Трое пернатых с улыбкой злодейской глазом косят.
Ждут продолжения жрачки, банкета. Все его ждем.
Там, на Урале. На краешке света. Здесь, под дождем.
Чем тут заняться, сразу не знаешь. Марш на губе?
Что-то такое тут понимаешь вдруг о себе.
В этой дыре, где повсюду штакетины, розы, кусты,
дождь заживляет от ножниц отметины, вьются цветы.
Что-то улавливаешь в отупении, словно рыбак –
в мартовской проруби в обморожении рыбий косяк.
Что в нем – так, мелочь, не стоит и времени? Окунь, лещ, сом?
Воспоминание гладит по темени, всё об одном.
В ад приглашение, роз подношение? Ямб да хорей.

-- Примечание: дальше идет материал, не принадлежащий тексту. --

(* Let $n$ be a positive integer. For any finite simple graph $H$, the strong product $K_n \boxtimes H$ is well-dominated if and only if $H$ is well-dominated.
   Context: A set $D$ of vertices of a graph is dominating if every vertex is in $D$ or adjacent to a vertex of $D$. A graph is well-dominated if every minimal (with respect to inclusion) dominating set is a minimum dominating set. The strong product $G\boxtimes H$ has vertex set $V(G)\times V(H)$, with distinct $(g_1,h_1)$ and $(g_2,h_2)$ adjacent iff ($g_1=g_2$ and $h_1h_2\in E(H)$), or ($h_1=h_2$ and $g_1g_2\in E(G)$), or ($g_1g_2\in E(G)$ and $h_1h_2\in E(H)$). *)

theory Defs
  imports Main
begin

definition simple_graph :: "'a set \<Rightarrow> ('a \<Rightarrow> 'a \<Rightarrow> bool) \<Rightarrow> bool" where
  "simple_graph V E \<longleftrightarrow> finite V \<and> (\<forall>x y. E x y \<longrightarrow> x \<in> V \<and> y \<in> V)
     \<and> (\<forall>x y. E x y \<longrightarrow> E y x) \<and> (\<forall>x. \<not> E x x)"

definition dominating :: "'a set \<Rightarrow> ('a \<Rightarrow> 'a \<Rightarrow> bool) \<Rightarrow> 'a set \<Rightarrow> bool" where
  "dominating V E D \<longleftrightarrow> D \<subseteq> V \<and> (\<forall>v\<in>V. v \<in> D \<or> (\<exists>u\<in>D. E u v))"

definition minimal_dominating :: "'a set \<Rightarrow> ('a \<Rightarrow> 'a \<Rightarrow> bool) \<Rightarrow> 'a set \<Rightarrow> bool" where
  "minimal_dominating V E D \<longleftrightarrow> dominating V E D \<and> (\<forall>D'. D' \<subset> D \<longrightarrow> \<not> dominating V E D')"

definition minimum_dominating :: "'a set \<Rightarrow> ('a \<Rightarrow> 'a \<Rightarrow> bool) \<Rightarrow> 'a set \<Rightarrow> bool" where
  "minimum_dominating V E D \<longleftrightarrow> dominating V E D \<and> (\<forall>D'. dominating V E D' \<longrightarrow> card D \<le> card D')"

definition well_dominated :: "'a set \<Rightarrow> ('a \<Rightarrow> 'a \<Rightarrow> bool) \<Rightarrow> bool" where
  "well_dominated V E \<longleftrightarrow> (\<forall>D. minimal_dominating V E D \<longrightarrow> minimum_dominating V E D)"

definition strong_prod_edges ::
  "('a \<Rightarrow> 'a \<Rightarrow> bool) \<Rightarrow> ('b \<Rightarrow> 'b \<Rightarrow> bool) \<Rightarrow> 'a \<times> 'b \<Rightarrow> 'a \<times> 'b \<Rightarrow> bool" where
  "strong_prod_edges E1 E2 p q \<longleftrightarrow> p \<noteq> q \<and>
     ((fst p = fst q \<and> E2 (snd p) (snd q)) \<or>
      (snd p = snd q \<and> E1 (fst p) (fst q)) \<or>
      (E1 (fst p) (fst q) \<and> E2 (snd p) (snd q)))"

definition complete_vertices :: "nat \<Rightarrow> nat set" where
  "complete_vertices n = {0..<n}"

definition complete_edges :: "nat \<Rightarrow> nat \<Rightarrow> nat \<Rightarrow> bool" where
  "complete_edges n i j \<longleftrightarrow> i < n \<and> j < n \<and> i \<noteq> j"

end

theory Submission
  imports Defs
begin

text \<open>Two vertices of \<open>K\<^sub>n \<boxtimes> H\<close> are equal or adjacent exactly when their \<open>H\<close>-coordinates
  are, so a set dominates \<open>K\<^sub>n \<boxtimes> H\<close> iff its projection to \<open>H\<close> dominates \<open>H\<close>. For any such
  surjective projection, a minimal dominating set of the product is mapped injectively onto a
  minimal dominating set of \<open>H\<close>, and any section lifts minimal dominating sets of \<open>H\<close> to
  minimal dominating sets of the product of the same size. Hence the two graphs have the same
  domination number and the same sizes of minimal dominating sets.\<close>

lemma dominating_iff_closed_neighbour:
  "dominating V E D \<longleftrightarrow> D \<subseteq> V \<and> (\<forall>v\<in>V. \<exists>u\<in>D. u = v \<or> E u v)"
  unfolding dominating_def by blast

locale dominating_projection =
  fixes V' :: "'b set" and E' :: "'b \<Rightarrow> 'b \<Rightarrow> bool"
    and V :: "'a set" and E :: "'a \<Rightarrow> 'a \<Rightarrow> bool"
    and f :: "'b \<Rightarrow> 'a"
  assumes finite_vertices: "finite V'"
    and image_vertices: "f ` V' = V"
    and dominating_iff_image: "dominating V' E' D \<longleftrightarrow> D \<subseteq> V' \<and> dominating V E (f ` D)"
begin

lemma inj_on_minimal_dominating:
  assumes "minimal_dominating V' E' D"
  shows "inj_on f D"
proof (rule inj_onI, rule ccontr)
  fix p q assume "p \<in> D" "q \<in> D" "f p = f q" "p \<noteq> q"
  then have "f q \<in> f ` (D - {q})" by (metis DiffI image_eqI singletonD)
  with \<open>q \<in> D\<close> have "f ` (D - {q}) = f ` D" by blast
  moreover have "D \<subseteq> V'" "dominating V E (f ` D)"
    using assms by (simp_all add: minimal_dominating_def dominating_iff_image)
  ultimately have "dominating V' E' (D - {q})" by (auto simp: dominating_iff_image)
  with assms \<open>q \<in> D\<close> show False unfolding minimal_dominating_def by blast
qed

lemma minimal_dominating_image:
  assumes min: "minimal_dominating V' E' D"
  shows "minimal_dominating V E (f ` D)"
  unfolding minimal_dominating_def
proof (intro conjI allI impI notI)
  show "dominating V E (f ` D)"
    using min by (simp add: minimal_dominating_def dominating_iff_image)
next
  fix S assume "S \<subset> f ` D" and "dominating V E S"
  define D' where "D' = {p \<in> D. f p \<in> S}"
  have "f ` D' = S" and "D' \<subset> D"
    using \<open>S \<subset> f ` D\<close> by (auto simp: D'_def)
  moreover have "D \<subseteq> V'"
    using min by (simp add: minimal_dominating_def dominating_iff_image)
  ultimately have "dominating V' E' D'"
    using \<open>dominating V E S\<close> by (auto simp: dominating_iff_image)
  with min \<open>D' \<subset> D\<close> show False by (auto simp: minimal_dominating_def)
qed

abbreviation lift :: "'a set \<Rightarrow> 'b set" where
  "lift S \<equiv> inv_into V' f ` S"

lemma image_lift: "S \<subseteq> V \<Longrightarrow> f ` lift S = S"
  by (rule image_inv_into_cancel[OF image_vertices])

lemma card_lift: "S \<subseteq> V \<Longrightarrow> card (lift S) = card S"
  by (metis card_image image_vertices inj_on_inv_into)

lemma dominating_lift:
  assumes "dominating V E S"
  shows "dominating V' E' (lift S)"
proof -
  have "S \<subseteq> V" using assms by (simp add: dominating_def)
  then have "lift S \<subseteq> V'"
    using image_vertices by (auto intro: inv_into_into)
  with assms \<open>S \<subseteq> V\<close> show ?thesis by (simp add: dominating_iff_image image_lift)
qed

lemma lift_image:
  assumes "D \<subseteq> lift V"
  shows "lift (f ` D) = D"
proof -
  have "inv_into V' f (f d) = d" if "d \<in> D" for d
  proof -
    from that assms obtain y where "y \<in> V" "d = inv_into V' f y" by blast
    then show ?thesis using image_vertices by (simp add: f_inv_into_f)
  qed
  then show ?thesis by (simp add: image_image cong: image_cong)
qed

lemma minimal_dominating_lift:
  assumes min: "minimal_dominating V E S"
  shows "minimal_dominating V' E' (lift S)"
  unfolding minimal_dominating_def
proof (intro conjI allI impI notI)
  show "dominating V' E' (lift S)"
    using min by (simp add: minimal_dominating_def dominating_lift)
next
  fix D assume "D \<subset> lift S" and "dominating V' E' D"
  have "S \<subseteq> V" using min by (simp add: minimal_dominating_def dominating_def)
  then have "f ` D \<subseteq> S"
    using \<open>D \<subset> lift S\<close> image_lift by blast
  moreover have "f ` D \<noteq> S"
    using lift_image[of D] \<open>D \<subset> lift S\<close> \<open>S \<subseteq> V\<close> by blast
  moreover have "dominating V E (f ` D)"
    using \<open>dominating V' E' D\<close> by (simp add: dominating_iff_image)
  ultimately show False using min by (auto simp: minimal_dominating_def)
qed

lemma card_image_dominating_le:
  assumes "dominating V' E' D"
  shows "card (f ` D) \<le> card D"
proof -
  have "D \<subseteq> V'" using assms by (simp add: dominating_def)
  then show ?thesis using finite_vertices by (meson card_image_le finite_subset)
qed

theorem well_dominated_iff: "well_dominated V' E' \<longleftrightarrow> well_dominated V E"
proof
  assume well: "well_dominated V' E'"
  show "well_dominated V E"
    unfolding well_dominated_def minimum_dominating_def
  proof (intro allI impI conjI)
    fix S assume min: "minimal_dominating V E S"
    then show "dominating V E S" by (simp add: minimal_dominating_def)
    fix S' assume "dominating V E S'"
    have "minimum_dominating V' E' (lift S)"
      using well minimal_dominating_lift[OF min] unfolding well_dominated_def by blast
    then have "card (lift S) \<le> card (lift S')"
      using dominating_lift[OF \<open>dominating V E S'\<close>] unfolding minimum_dominating_def by blast
    moreover have "S \<subseteq> V" "S' \<subseteq> V"
      using min \<open>dominating V E S'\<close> by (auto simp: minimal_dominating_def dominating_def)
    ultimately show "card S \<le> card S'" by (simp add: card_lift)
  qed
next
  assume well: "well_dominated V E"
  show "well_dominated V' E'"
    unfolding well_dominated_def minimum_dominating_def
  proof (intro allI impI conjI)
    fix D assume min: "minimal_dominating V' E' D"
    then show "dominating V' E' D" by (simp add: minimal_dominating_def)
    fix D' assume "dominating V' E' D'"
    have "card D = card (f ` D)"
      using inj_on_minimal_dominating[OF min] by (simp add: card_image)
    also have "\<dots> \<le> card (f ` D')"
    proof -
      have "minimum_dominating V E (f ` D)"
        using well minimal_dominating_image[OF min] unfolding well_dominated_def by blast
      moreover have "dominating V E (f ` D')"
        using \<open>dominating V' E' D'\<close> dominating_iff_image by blast
      ultimately show ?thesis unfolding minimum_dominating_def by blast
    qed
    also have "\<dots> \<le> card D'"
      using card_image_dominating_le[OF \<open>dominating V' E' D'\<close>] .
    finally show "card D \<le> card D'" .
  qed
qed

end

lemma strong_prod_complete_closed_adjacent_iff:
  assumes "p \<in> complete_vertices n \<times> V" and "q \<in> complete_vertices n \<times> V"
  shows "p = q \<or> strong_prod_edges (complete_edges n) E p q \<longleftrightarrow> snd p = snd q \<or> E (snd p) (snd q)"
  using assms prod_eq_iff[of p q]
  by (auto simp: strong_prod_edges_def complete_edges_def complete_vertices_def)

lemma dominating_strong_prod_complete_iff:
  assumes "n > 0"
  shows "dominating (complete_vertices n \<times> V) (strong_prod_edges (complete_edges n) E) D
     \<longleftrightarrow> D \<subseteq> complete_vertices n \<times> V \<and> dominating V E (snd ` D)"
proof -
  let ?P = "complete_vertices n \<times> V" and ?adj = "strong_prod_edges (complete_edges n) E"
  have "(\<forall>q\<in>?P. \<exists>p\<in>D. p = q \<or> ?adj p q) \<longleftrightarrow> (\<forall>w\<in>V. \<exists>u\<in>snd ` D. u = w \<or> E u w)"
    if "D \<subseteq> ?P"
  proof
    assume dom: "\<forall>q\<in>?P. \<exists>p\<in>D. p = q \<or> ?adj p q"
    show "\<forall>w\<in>V. \<exists>u\<in>snd ` D. u = w \<or> E u w"
    proof
      fix w assume "w \<in> V"
      with \<open>n > 0\<close> have "(0, w) \<in> ?P" by (simp add: complete_vertices_def)
      with dom obtain p where "p \<in> D" "p = (0, w) \<or> ?adj p (0, w)" by blast
      with \<open>D \<subseteq> ?P\<close> \<open>(0, w) \<in> ?P\<close> show "\<exists>u\<in>snd ` D. u = w \<or> E u w"
        using strong_prod_complete_closed_adjacent_iff[of p n V "(0, w)" E] by force
    qed
  next
    assume dom: "\<forall>w\<in>V. \<exists>u\<in>snd ` D. u = w \<or> E u w"
    show "\<forall>q\<in>?P. \<exists>p\<in>D. p = q \<or> ?adj p q"
    proof
      fix q assume "q \<in> ?P"
      with dom obtain p where "p \<in> D" "snd p = snd q \<or> E (snd p) (snd q)" by fastforce
      with \<open>D \<subseteq> ?P\<close> \<open>q \<in> ?P\<close> show "\<exists>p\<in>D. p = q \<or> ?adj p q"
        using strong_prod_complete_closed_adjacent_iff[of p n V q E] by blast
    qed
  qed
  moreover have "D \<subseteq> ?P \<Longrightarrow> snd ` D \<subseteq> V" by auto
  ultimately show ?thesis
    unfolding dominating_iff_closed_neighbour by (cases "D \<subseteq> ?P") simp_all
qed

theorem theorem4:
  fixes n :: nat and V :: "'a set" and E :: "'a \<Rightarrow> 'a \<Rightarrow> bool"
  assumes "n > 0" and "simple_graph V E"
  shows "well_dominated (complete_vertices n \<times> V) (strong_prod_edges (complete_edges n) E)
         \<longleftrightarrow> well_dominated V E"
proof -
  have "dominating_projection (complete_vertices n \<times> V) (strong_prod_edges (complete_edges n) E) V E snd"
  proof
    show "finite (complete_vertices n \<times> V)"
      using \<open>simple_graph V E\<close> by (simp add: simple_graph_def complete_vertices_def)
    show "snd ` (complete_vertices n \<times> V) = V"
      using \<open>n > 0\<close> by (simp add: complete_vertices_def)
  qed (rule dominating_strong_prod_complete_iff[OF \<open>n > 0\<close>])
  then show ?thesis by (rule dominating_projection.well_dominated_iff)
qed

end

Видно, элегия не утешение. Лей, дождик, лей.
* * *
Где жажду лечат сидром, а не квасом,
где грязный мол к ударам волн привык,
где чайка со своим боезапасом,
визжа, пикирует, как штурмовик,
где автомат в полиции устало
захлопывает дверь от сквозняка,
где облака над городом, как сало,
наструганы к дождю наверняка,
где я не знаю утром, пробуждаясь,
куда меня безделье заведет,
и в словаре, как в чемодане, шарюсь
и рифмы подбираю наперед,
где климат предопределил погоду
бездарную на много дней подряд,
благодарю тебя, хоть за свободу,
как за лекарство, не благодарят.
* * *
Бесчинствуют чайки. Воняет отлив.
Проносятся байкеры. Жарятся стейки.
Транслирует радио модный мотив.
С улыбкой слепая сидит на скамейке,
свой сэндвич и колу доев и допив.
Я знаю ее – в восемь сорок утра
она забирается в школьный автобус,
с расправленной тростью, похожа на глобус
в очках голова, предъявляет свой пропуск,
и татуирована змейкой икра.
Идешь, извлекаешь печаль из всего.
Задернуты шторы на третьем в квартире.
Два семьдесят брекфаст и ланч за четыре.
Звук, запах и трость раскладная – о мире
ну что она знает? Почти ничего.
Что чайки голодные громко орут,
что справа трындят мужики по-валлийски,
что путь до автобуса очень неблизкий,
что лист можжевельника пахнет не виски,
а джином, что триста шагов – пять минут?
А я? Что я знаю? Что катер идет,
что море пылает, сетчатку сжигая,
что, дико и страшно открыв детский рот,
с улыбкой встает со скамейки слепая,
что эти стихи никогда не прочтет.
* * *
Пойдем, пусть второсортная погода,
в пол-окоема взбухшая гроза,
пусть половинка облака-урода
холмам, как кепка, лезет на глаза.
Дойдем вдвоем до моря – глаз успеет
увидеть, как там выключают свет,
как напоследок солнце пламенеет,
за две минуты чтоб сойти на нет.
Как на пустой веранде ресторана
худой британец жадно пиво пьет.
На белых брюках кровенеет рана
и горизонт разрезан, как живот.
За окнами своя драматургия –
тень игрока отклячивает кий.
Я говорю: морская хирургия
кровопролитней прочих хирургий,
хоть все заканчивается без “скорой”
при безучастном свете фонаря
на влажной набережной, над которой
срастаются багровые края.
* * *
Мармелад в круглосуточном магазине –
вот и брешь у студента в потребкорзине.
Но какая разница, дурачок,
если утренний стоячок,
если ручкой синей абракадабра
на страничке в клеточку расцвела,
поэтические приоткрылись жабры,
волочатся по улице два крыла?
Чудо-юдо – от древнего грека
до семнадцатилетнего человека
гордо тянется ДНК.
Вы – из конторы. Мы – от поэтического станка.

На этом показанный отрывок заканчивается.